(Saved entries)
(* Let $G_a=(V,E_a)$ with $E_a\subseteq E$ a set of directed links without self-loops, let $D_a^+$ be its maximum out-degree, and let $\Delta\ge1$ be an integer. For an integer $B\ge1$ and directed graphs $G^{(t)}=(V,E^{(t)})$, $t=0,\dots,B-1$, with $\bigcup_{t=0}^{B-1}E^{(t)}=E_a$, define $$F(B):=\Big(\sum_{t=0}^{B-1}\tau(G^{(t)})\Big)\Delta^2B\left(\Big\lceil\frac{D_a^+}{B}\Big\rceil+1\right)^{4\Delta B}.$$ Then $$F(B)\ge F(1)=\tau(G_a)\,\Delta^2(1+D_a^+)^{4\Delta}.$$
   Context: $G=(V,E)$ is a bidirected directed base topology on $V=\{1,\dots,n\}$. Communication model: two distinct directed links $(i,j),(k,l)$ (with $i\ne j$, $k\ne l$) can be scheduled in the same transmission slot iff (a) $i\ne l$ and $j\ne k$ (half-duplex), and (b) if $i\ne k$ then $(i,l)\notin E$ and $(k,j)\notin E$ (interference); otherwise they conflict. For a set $E'$ of activated links, its conflict graph is the undirected graph with vertex set $E'$ and an edge between every conflicting pair. For $H=(V,E')$, $\tau(H)$ denotes the chromatic number of the conflict graph of $E'$ (the minimum number of collision-free transmission slots needed to schedule all links of $E'$; $\tau=0$ if $E'=\emptyset$). The maximum out-degree $D_a^+$ is $\max_j|\{i:(j,i)\in E_a\}|$. *)

theory Defs
  imports Complex_Main
begin

text \<open>Base topology E: a set of directed links on V = {1..n}.
  Two distinct links conflict unless they satisfy half-duplex and interference conditions.\<close>

definition conflict :: "(nat \<times> nat) set \<Rightarrow> nat \<times> nat \<Rightarrow> nat \<times> nat \<Rightarrow> bool" where
  "conflict E e1 e2 \<longleftrightarrow> e1 \<noteq> e2 \<and>
     \<not> (let (i, j) = e1; (k, l) = e2 in
          (i \<noteq> l \<and> j \<noteq> k) \<and>
          (i \<noteq> k \<longrightarrow> (i, l) \<notin> E \<and> (k, j) \<notin> E))"

definition proper_colouring :: "(nat \<times> nat) set \<Rightarrow> (nat \<times> nat) set \<Rightarrow> nat \<Rightarrow> (nat \<times> nat \<Rightarrow> nat) \<Rightarrow> bool" where
  "proper_colouring E E' k c \<longleftrightarrow>
     (\<forall>e\<in>E'. c e < k) \<and> (\<forall>e1\<in>E'. \<forall>e2\<in>E'. conflict E e1 e2 \<longrightarrow> c e1 \<noteq> c e2)"

definition tau :: "(nat \<times> nat) set \<Rightarrow> (nat \<times> nat) set \<Rightarrow> nat" where
  "tau E E' = (LEAST k. \<exists>c. proper_colouring E E' k c)"

definition max_outdeg :: "nat set \<Rightarrow> (nat \<times> nat) set \<Rightarrow> nat" where
  "max_outdeg V Ea = Max ((\<lambda>j. card {i. (j, i) \<in> Ea}) ` V)"

definition Fval :: "(nat \<times> nat) set \<Rightarrow> nat \<Rightarrow> nat \<Rightarrow> nat \<Rightarrow> (nat \<Rightarrow> (nat \<times> nat) set) \<Rightarrow> real" where
  "Fval E Delta D B Et =
     (\<Sum>t<B. real (tau E (Et t))) * real Delta ^ 2 * real B *
     (real_of_int \<lceil>real D / real B\<rceil> + 1) ^ (4 * Delta * B)"

end

theory Submission
  imports Defs
begin

text \<open>Proper colourings of the parts can be shifted onto disjoint ranges of colours, so
  \<open>tau\<close> is subadditive under unions of link sets and \<open>tau(G_a) \<le> \<Sum>\<^sub>t tau(G_t)\<close>.
  For the remaining factor, Bernoulli's inequality gives
  \<open>1 + D \<le> 1 + B\<lceil>D/B\<rceil> \<le> (1 + \<lceil>D/B\<rceil>)^B\<close>; raising this to the power \<open>4\<Delta>\<close>
  and multiplying the right-hand side by \<open>B \<ge> 1\<close> bounds \<open>(1 + D)^(4\<Delta>)\<close> by the
  corresponding factor of \<open>F(B)\<close>.\<close>

lemma tau_le:
  assumes "proper_colouring E S k c"
  shows "tau E S \<le> k"
  using assms unfolding tau_def by (metis (mono_tags, lifting) Least_le)

lemma finite_imp_proper_colouring_card:
  assumes "finite S"
  shows "\<exists>c. proper_colouring E S (card S) c"
proof -
  obtain c where c: "bij_betw c S {0..<card S}"
    using ex_bij_betw_finite_nat[OF assms] by blast
  have "proper_colouring E S (card S) c"
    unfolding proper_colouring_def conflict_def
    using bij_betw_apply[OF c] bij_betw_imp_inj_on[OF c] by (auto dest: inj_onD)
  then show ?thesis by blast
qed

lemma proper_colouring_tau:
  assumes "finite S"
  shows "\<exists>c. proper_colouring E S (tau E S) c"
  using finite_imp_proper_colouring_card[OF assms] unfolding tau_def by (rule LeastI)

lemma tau_Un_le:
  assumes "finite A" "finite B"
  shows "tau E (A \<union> B) \<le> tau E A + tau E B"
proof -
  obtain cA where cA: "proper_colouring E A (tau E A) cA"
    using proper_colouring_tau[OF assms(1)] by blast
  obtain cB where cB: "proper_colouring E B (tau E B) cB"
    using proper_colouring_tau[OF assms(2)] by blast
  define c where "c e = (if e \<in> A then cA e else tau E A + cB e)" for e
  have "proper_colouring E (A \<union> B) (tau E A + tau E B) c"
    unfolding proper_colouring_def
  proof (intro conjI ballI impI)
    fix e assume "e \<in> A \<union> B"
    then show "c e < tau E A + tau E B"
      using cA cB unfolding proper_colouring_def c_def by auto
  next
    fix e1 e2 assume "e1 \<in> A \<union> B" "e2 \<in> A \<union> B" "conflict E e1 e2"
    then show "c e1 \<noteq> c e2"
      using cA cB unfolding proper_colouring_def c_def by (auto split: if_splits)
  qed
  then show ?thesis by (rule tau_le)
qed

lemma tau_UN_le_sum:
  assumes "finite I" "\<And>i. i \<in> I \<Longrightarrow> finite (S i)"
  shows "tau E (\<Union>i\<in>I. S i) \<le> (\<Sum>i\<in>I. tau E (S i))"
  using assms
proof (induction I rule: finite_induct)
  case empty
  have "tau E {} \<le> 0"
    by (rule tau_le[where c = "\<lambda>_. 0"]) (simp add: proper_colouring_def)
  then show ?case by simp
next
  case (insert i I)
  have "tau E (\<Union>j\<in>insert i I. S j) \<le> tau E (S i) + tau E (\<Union>j\<in>I. S j)"
    using insert.prems insert.hyps(1) by (simp add: tau_Un_le)
  also have "\<dots> \<le> tau E (S i) + (\<Sum>j\<in>I. tau E (S j))"
    using insert.IH insert.prems by simp
  finally show ?case using insert.hyps by simp
qed

lemma one_add_le_power_ceiling_divide:
  fixes D B :: nat
  assumes "B \<ge> 1"
  shows "1 + real D \<le> (real_of_int \<lceil>real D / real B\<rceil> + 1) ^ B"
proof -
  define x where "x = real_of_int \<lceil>real D / real B\<rceil>"
  have "0 \<le> real D / real B" "real D / real B \<le> x" unfolding x_def by simp_all
  then have "real D \<le> real B * x" and "x \<ge> 0"
    using assms by (simp add: field_simps, linarith)
  moreover from \<open>x \<ge> 0\<close> have "1 + real B * x \<le> (1 + x) ^ B"
    by (intro Bernoulli_inequality) simp
  ultimately show ?thesis unfolding x_def by (simp add: add.commute)
qed

lemma power_le_scaled_power_ceiling_divide:
  fixes D B m :: nat
  assumes "B \<ge> 1"
  shows "(1 + real D) ^ m \<le> real B * (real_of_int \<lceil>real D / real B\<rceil> + 1) ^ (m * B)"
proof -
  let ?y = "real_of_int \<lceil>real D / real B\<rceil> + 1"
  have "(1 + real D) ^ m \<le> (?y ^ B) ^ m"
    using one_add_le_power_ceiling_divide[OF assms] by (intro power_mono) simp_all
  also have "\<dots> = ?y ^ (m * B)" by (simp add: power_mult mult.commute)
  also have "\<dots> \<le> real B * ?y ^ (m * B)"
  proof -
    have "0 \<le> real D / real B" by simp
    then have "0 \<le> ?y" using le_of_int_ceiling[of "real D / real B"] by linarith
    then show ?thesis using assms by (simp add: mult_le_cancel_right1)
  qed
  finally show ?thesis .
qed

lemma Fval_one:
  "Fval E Delta D 1 (\<lambda>_. S) = real (tau E S) * real Delta ^ 2 * (1 + real D) ^ (4 * Delta)"
  unfolding Fval_def by (simp add: add.commute)

lemma Fval_one_Union_le:
  assumes "B \<ge> 1" "\<And>t. t < B \<Longrightarrow> finite (Et t)"
  shows "Fval E Delta D 1 (\<lambda>_. \<Union>t<B. Et t) \<le> Fval E Delta D B Et"
proof -
  let ?y = "real_of_int \<lceil>real D / real B\<rceil> + 1"
  have "real (tau E (\<Union>t<B. Et t)) \<le> (\<Sum>t<B. real (tau E (Et t)))"
    using tau_UN_le_sum[of "{..<B}" Et E] assms(2) by (simp flip: of_nat_sum)
  moreover have "real Delta ^ 2 * (1 + real D) ^ (4 * Delta)
      \<le> real Delta ^ 2 * (real B * ?y ^ (4 * Delta * B))"
    using power_le_scaled_power_ceiling_divide[OF assms(1)] by (rule mult_left_mono) simp
  ultimately have "real (tau E (\<Union>t<B. Et t)) * (real Delta ^ 2 * (1 + real D) ^ (4 * Delta))
      \<le> (\<Sum>t<B. real (tau E (Et t))) * (real Delta ^ 2 * (real B * ?y ^ (4 * Delta * B)))"
    by (rule mult_mono) (simp_all add: sum_nonneg)
  then show ?thesis unfolding Fval_one by (simp only: Fval_def mult.assoc)
qed

theorem lemma3:
  fixes n :: nat and E Ea :: "(nat \<times> nat) set" and Delta B :: nat
    and Et :: "nat \<Rightarrow> (nat \<times> nat) set"
  assumes E_on_V: "E \<subseteq> {1..n} \<times> {1..n}"
    and E_bidirected: "\<forall>i j. (i, j) \<in> E \<longrightarrow> (j, i) \<in> E"
    and Ea_sub: "Ea \<subseteq> E"
    and Ea_noloop: "\<forall>i. (i, i) \<notin> Ea"
    and Delta_ge: "Delta \<ge> 1"
    and B_ge: "B \<ge> 1"
    and union: "(\<Union>t<B. Et t) = Ea"
  shows "Fval E Delta (max_outdeg {1..n} Ea) B Et \<ge> Fval E Delta (max_outdeg {1..n} Ea) 1 (\<lambda>_. Ea)
    \<and> Fval E Delta (max_outdeg {1..n} Ea) 1 (\<lambda>_. Ea)
        = real (tau E Ea) * real Delta ^ 2 * (1 + real (max_outdeg {1..n} Ea)) ^ (4 * Delta)"
proof -
  have "finite Ea"
    by (rule finite_subset[OF subset_trans[OF Ea_sub E_on_V]]) simp
  then have "finite (Et t)" if "t < B" for t
    by (rule finite_subset[rotated]) (use union that in blast)
  then have "Fval E Delta (max_outdeg {1..n} Ea) 1 (\<lambda>_. \<Union>t<B. Et t) \<le> Fval E Delta (max_outdeg {1..n} Ea) B Et"
    by (rule Fval_one_Union_le[OF B_ge])
  then show ?thesis unfolding union Fval_one by simp
qed

end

Your instructions
Of the lines in the data, report each one containing the string "prems".

Result below
    using insert.prems insert.hyps(1) by (simp add: tau_Un_le)
    using insert.IH insert.prems by simp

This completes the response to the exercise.